What peace it brings to the Christian’s heart to realize that our heavenly Father never differs from himself. In coming to him at any time we need not wonder whether we shall find him in a receptive mood. He is always receptive to misery and need, as well as to love and faith. He does not keep office hours nor set aside periods when he will see no one. Neither does he change his mind about anything. Today, this moment, he feels toward his creatures, toward babies, toward the sick, the fallen, the sinful, exactly as he did when he sent his only-begotten Son into the world to die for mankind. God never changes his moods or cools off in his affections or loses his enthusiasm.

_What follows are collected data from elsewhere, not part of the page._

lemma pderiv_i_eq:
  fixes f :: "real^'n \<Rightarrow> real"
  shows "(f has_derivative f') (at x) \<Longrightarrow> pderiv_i i f x = f' (axis i 1)"
  unfolding pderiv_i_def by (metis frechet_derivative_at)

lemma pderiv_i_mult:
  fixes f g :: "real^'n \<Rightarrow> real"
  assumes "f differentiable (at x)" "g differentiable (at x)"
  shows "pderiv_i i (\<lambda>x. f x * g x) x = pderiv_i i f x * g x + f x * pderiv_i i g x"
  using has_derivative_mult[OF assms[unfolded frechet_derivative_works]]
  by (subst pderiv_i_eq) (auto simp: pderiv_i_def algebra_simps)

lemma pderiv_i_cmult:
  fixes f :: "real^'n \<Rightarrow> real"
  assumes "f differentiable (at x)"
  shows "pderiv_i i (\<lambda>x. c * f x) x = c * pderiv_i i f x"
  using has_derivative_mult[OF has_derivative_const[of c] assms[unfolded frechet_derivative_works]]
  by (subst pderiv_i_eq) (auto simp: pderiv_i_def)

lemma pderiv_i_const [simp]: "pderiv_i i (\<lambda>x::real^'n. c::real) x = 0"
  using has_derivative_const[of c] by (subst pderiv_i_eq) auto

lemma pderiv_i_divide:
  fixes f g :: "real^'n \<Rightarrow> real"
  assumes "f differentiable (at x)" "g differentiable (at x)" "g x \<noteq> 0"
  shows "pderiv_i i (\<lambda>x. f x / g x) x = (pderiv_i i f x * g x - f x * pderiv_i i g x) / (g x)\<^sup>2"
  using has_derivative_divide[OF assms(1,2)[unfolded frechet_derivative_works] assms(3)] assms(3)
  by (subst pderiv_i_eq) (auto simp: pderiv_i_def field_simps power2_eq_square)

lemma pderiv_i_ln:
  fixes f :: "real^'n \<Rightarrow> real"
  assumes "f differentiable (at x)" "f x > 0"
  shows "pderiv_i i (\<lambda>x. ln (f x)) x = pderiv_i i f x / f x"
  using has_derivative_ln[OF assms(2) assms(1)[unfolded frechet_derivative_works]]
  by (subst pderiv_i_eq) (auto simp: pderiv_i_def field_simps)

lemma pderiv_i_sum:
  fixes f :: "'k \<Rightarrow> real^'n \<Rightarrow> real"
  assumes "finite S" "\<And>k. k \<in> S \<Longrightarrow> f k differentiable (at x)"
  shows "pderiv_i i (\<lambda>x. \<Sum>k\<in>S. f k x) x = (\<Sum>k\<in>S. pderiv_i i (f k) x)"
  using has_derivative_sum[of S f "\<lambda>k. frechet_derivative (f k) (at x)"] assms
  by (subst pderiv_i_eq) (auto simp: pderiv_i_def frechet_derivative_works)

lemma has_real_derivative_pderiv_i_line:
  fixes f :: "real^'n \<Rightarrow> real"
  assumes "f differentiable (at (x + t *\<^sub>R axis i 1))"
  shows "((\<lambda>s. f (x + s *\<^sub>R axis i 1)) has_real_derivative pderiv_i i f (x + t *\<^sub>R axis i 1)) (at t)"
proof -
  let ?f' = "frechet_derivative f (at (x + t *\<^sub>R axis i 1))"
  have "((\<lambda>s. x + s *\<^sub>R axis i 1) has_derivative (\<lambda>h. h *\<^sub>R axis i 1)) (at t)"
    by (auto intro!: derivative_eq_intros)
  from has_derivative_compose[OF this assms[unfolded frechet_derivative_works]]
  have "((\<lambda>s. f (x + s *\<^sub>R axis i 1)) has_derivative (\<lambda>h. ?f' (h *\<^sub>R axis i 1))) (at t)" .
  moreover have "linear ?f'"
    using assms[unfolded frechet_derivative_works] has_derivative_linear by blast
  ultimately have "((\<lambda>s. f (x + s *\<^sub>R axis i 1)) has_derivative (\<lambda>h. h * pderiv_i i f (x + t *\<^sub>R axis i 1))) (at t)"
    by (simp add: pderiv_i_def linear_scale)
  then show ?thesis
    unfolding has_field_derivative_def by (rule has_derivative_eq_rhs) (auto simp: mult.commute)
qed

lemma integral_pderiv_i_eq_0:
  fixes f :: "real^'n \<Rightarrow> real"
  assumes "\<And>x. f differentiable (at x)" "continuous_on UNIV (pderiv_i i f)"
    "integrable lborel f" "integrable lborel (pderiv_i i f)"
  shows "integral\<^sup>L lborel (pderiv_i i f) = 0"
  by (rule integral_directional_derivative_eq_0[where f=f and e="axis i 1"])
    (auto intro: has_real_derivative_pderiv_i_line assms)

lemma integrable_continuous_dominated:
  fixes f g :: "real^'n \<Rightarrow> real"
  assumes "integrable lborel g" "continuous_on UNIV f" "\<And>x. \<bar>f x\<bar> \<le> g x"
  shows "integrable lborel f"
proof (rule Bochner_Integration.integrable_bound[OF assms(1)])
  show "f \<in> borel_measurable lborel"
    using assms(2) by (simp add: borel_measurable_continuous_onI)
  show "AE x in lborel. norm (f x) \<le> norm (g x)"
    using assms(3) by (auto intro: order_trans[OF _ abs_ge_self])
qed

lemma continuous_on_UNIV_if_differentiable:
  fixes f :: "'a::real_normed_vector \<Rightarrow> 'b::real_normed_vector"
  shows "(\<And>x. f differentiable (at x)) \<Longrightarrow> continuous_on UNIV f"
  by (meson continuous_at_imp_continuous_on differentiable_imp_continuous_within)

section \<open>Quadratic forms and the generalized Rayleigh quotient\<close>

lemma quadratic_nonneg_imp_discriminant:
  fixes a b c :: real
  assumes nonneg: "\<And>t. 0 \<le> a + 2 * t * b + t\<^sup>2 * c" and "c \<ge> 0"
  shows "b\<^sup>2 \<le> a * c"
proof (cases "c = 0")
  case True
  have "b = 0"
  proof (rule ccontr)
    assume "b \<noteq> 0"
    have "0 \<le> a + 2 * (- (a + 1) / (2 * b)) * b + (- (a + 1) / (2 * b))\<^sup>2 * c" by (rule nonneg)
    then show False using \<open>b \<noteq> 0\<close> True by (simp add: field_simps)
  qed
  then show ?thesis using True by simp
next
  case False
  with \<open>c \<ge> 0\<close> have "c > 0" by simp
  have "0 \<le> a + 2 * (- b / c) * b + (- b / c)\<^sup>2 * c" by (rule nonneg)
  also have "\<dots> = a - b\<^sup>2 / c"
    using \<open>c > 0\<close> by (simp add: field_simps power2_eq_square)
  finally show ?thesis using \<open>c > 0\<close> by (simp add: field_simps)
qed

lemma integral_Cauchy_Schwarz:
  fixes f g :: "'a \<Rightarrow> real"
  assumes "integrable M (\<lambda>x. f x * f x)" "integrable M (\<lambda>x. g x * g x)" "integrable M (\<lambda>x. f x * g x)"
  shows "(integral\<^sup>L M (\<lambda>x. f x * g x))\<^sup>2 \<le> integral\<^sup>L M (\<lambda>x. f x * f x) * integral\<^sup>L M (\<lambda>x. g x * g x)"
proof (rule quadratic_nonneg_imp_discriminant)
  fix t
  have "0 \<le> integral\<^sup>L M (\<lambda>x. (f x + t * g x) * (f x + t * g x))"
    by (rule Bochner_Integration.integral_nonneg) auto
  also have "(\<lambda>x. (f x + t * g x) * (f x + t * g x)) = (\<lambda>x. f x * f x + 2 * t * (f x * g x) + t\<^sup>2 * (g x * g x))"
    by (auto simp: fun_eq_iff algebra_simps power2_eq_square)
  finally show "0 \<le> integral\<^sup>L M (\<lambda>x. f x * f x) + 2 * t * integral\<^sup>L M (\<lambda>x. f x * g x) + t\<^sup>2 * integral\<^sup>L M (\<lambda>x. g x * g x)"
    using assms by simp
qed (rule Bochner_Integration.integral_nonneg, auto)

lemma symmetric_matrix_inner:
  fixes M :: "real^'n^'n"
  assumes "transpose M = M"
  shows "x \<bullet> (M *v y) = (M *v x) \<bullet> y"
  by (metis assms dot_lmul_matrix vector_transpose_matrix)

lemma quadratic_form_add_scaleR:
  fixes M :: "real^'n^'n"
  assumes "transpose M = M"
  shows "(x + t *\<^sub>R y) \<bullet> (M *v (x + t *\<^sub>R y)) = x \<bullet> (M *v x) + 2 * t * (x \<bullet> (M *v y)) + t\<^sup>2 * (y \<bullet> (M *v y))"
  using symmetric_matrix_inner[OF assms, of y x]
  by (simp add: inner_commute power2_eq_square algebra_simps)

[Tozer, The Knowledge of the Holy, p. 59.]


Wherever we meet with God on a regular basis in our own spiritual practice, whether on the study floor or an armchair by the fire, or at the kitchen table in the morning, the same God awaits us all and is ready and willing to give us the grace and the strength to meet the times in which we live. And not just for ourselves but so that we might also help others to come though these times too:


Blessed be the God and Father of our Lord Jesus Christ, the Father of mercies and God of all comfort, who comforts us in all our tribulation, that we may be able to comfort those who are in any trouble, with the comfort with which we ourselves are comforted by God.

[1 Corinthians 1: 3, 4]


Let us steel ourselves again, and lean on Him.